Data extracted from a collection
= = = = =
lemma mahler_coeff_one_minus_x_pow_tendsto_0:
  "y \<in> (Zp :: 'k set) \<Longrightarrow> mahler_coeff (one_minus_x_pow y) \<longlonglongrightarrow> (0 :: 'k)"
  by (rule tendsto_absv_bound[OF _ fact_tendsto_0[unfolded tendsto_0_iff_absv]])
    (simp add: absv_mahler_coeff_one_minus_x_pow_le)

lemma conv_one_minus_x_pow_sigma:
  assumes y: "y \<in> Zp" and \<phi>: "mahler_coeff \<phi> \<longlonglongrightarrow> (0 :: 'k)" and x: "x \<in> Zp"
  shows "conv (one_minus_x_pow y) (sigma \<phi>) x =
    conv (one_minus_x_pow y) \<phi> (x + 1) + y * conv (one_minus_x_pow (y - 1)) \<phi> x"
proof -
  have y1: "mahler_coeff (one_minus_x_pow (y - 1)) \<longlonglongrightarrow> 0"
    using y by (simp add: mahler_coeff_one_minus_x_pow_tendsto_0)
  have "conv (nabla (one_minus_x_pow y)) \<phi> x
      = mahler_series (\<lambda>n. - y * binomial_conv (mahler_coeff (one_minus_x_pow (y - 1))) (mahler_coeff \<phi>) n) x"
    unfolding conv_eq_mahler_series mahler_coeff_nabla_one_minus_x_pow[OF y] binomial_conv_mult_left ..
  also have "\<dots> = - y * conv (one_minus_x_pow (y - 1)) \<phi> x"
    unfolding conv_eq_mahler_series by (rule mahler_series_mult_left[OF binomial_conv_tendsto_0[OF y1 \<phi>] x])
  finally have "conv (nabla (one_minus_x_pow y)) \<phi> x = - y * conv (one_minus_x_pow (y - 1)) \<phi> x" .
  then show ?thesis
    using conv_sigma[OF mahler_coeff_one_minus_x_pow_tendsto_0[OF y] \<phi> x] by simp
qed

lemma absv_one_minus_x_pow_le_1:
  assumes "y \<in> Zp" and "x \<in> (Zp :: 'k set)"
  shows "absv (one_minus_x_pow y x) \<le> 1"
proof -
  have "absv ((-1) ^ k * fact k * (y gchoose k) * (x gchoose k) * 1) \<le> 1" for k
    using absv_Sop_term_le[OF assms(2,1), where c = 1 and B = 1 and k = k] absv_of_nat_le_1[of "fact k"] by simp
  moreover have "summable (\<lambda>k. (-1) ^ k * fact k * (y gchoose k) * (x gchoose k) * (1 :: 'k))"
    by (rule summable_Sop_series[OF assms(2,1), where B = 1]) simp
  ultimately show ?thesis
    unfolding one_minus_x_pow_def Sop_def by (intro absv_suminf_le) simp_all
qed

lemma x_minus_one_pow_eq: "x_minus_one_pow n = (\<lambda>x. (-1) powi n * one_minus_x_pow (of_int n) x)"
  by (simp add: x_minus_one_pow_def one_minus_x_pow_def)

lemma absv_minus_1_powi [simp]: "absv ((-1 :: 'k) powi n) = 1"
  by (simp add: power_int_def absv_power)

lemma absv_x_minus_one_pow_le_1: "x \<in> Zp \<Longrightarrow> absv (x_minus_one_pow n x :: 'k) \<le> 1"
  by (simp add: x_minus_one_pow_eq absv_mult absv_one_minus_x_pow_le_1)

lemma x_minus_one_pow_nabla:
  assumes "x \<in> (Zp :: 'k set)"
  shows "nabla (x_minus_one_pow n) x = of_int n * x_minus_one_pow (n - 1) x"
proof -
  have "nabla (x_minus_one_pow n) x = (-1) powi n * nabla (one_minus_x_pow (of_int n)) x"
    by (simp add: x_minus_one_pow_eq nabla_def right_diff_distrib)
  also have "\<dots> = (-1) powi n * (- of_int n * one_minus_x_pow (of_int n - 1) x)"
    by (simp only: one_minus_x_pow_nabla[OF of_int_in_Zp assms])
  also have "\<dots> = of_int n * x_minus_one_pow (n - 1) x"
    by (simp add: x_minus_one_pow_eq power_int_diff)
  finally show ?thesis .
qed

lemma absv_mahler_coeff_x_minus_one_pow_le:
  "absv (mahler_coeff (x_minus_one_pow n :: 'k \<Rightarrow> 'k) k) \<le> absv (fact k :: 'k)"
  unfolding x_minus_one_pow_eq mahler_coeff_mult_left absv_mult absv_minus_1_powi
  using absv_mahler_coeff_one_minus_x_pow_le[OF of_int_in_Zp, of n k] by simp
= = = = =
**DIRECTIONS FOR THIS TASK**: Output the number of lines in the records above that contain the string "assumes", and no other text.

**OUTPUT OF THE TASK**: 3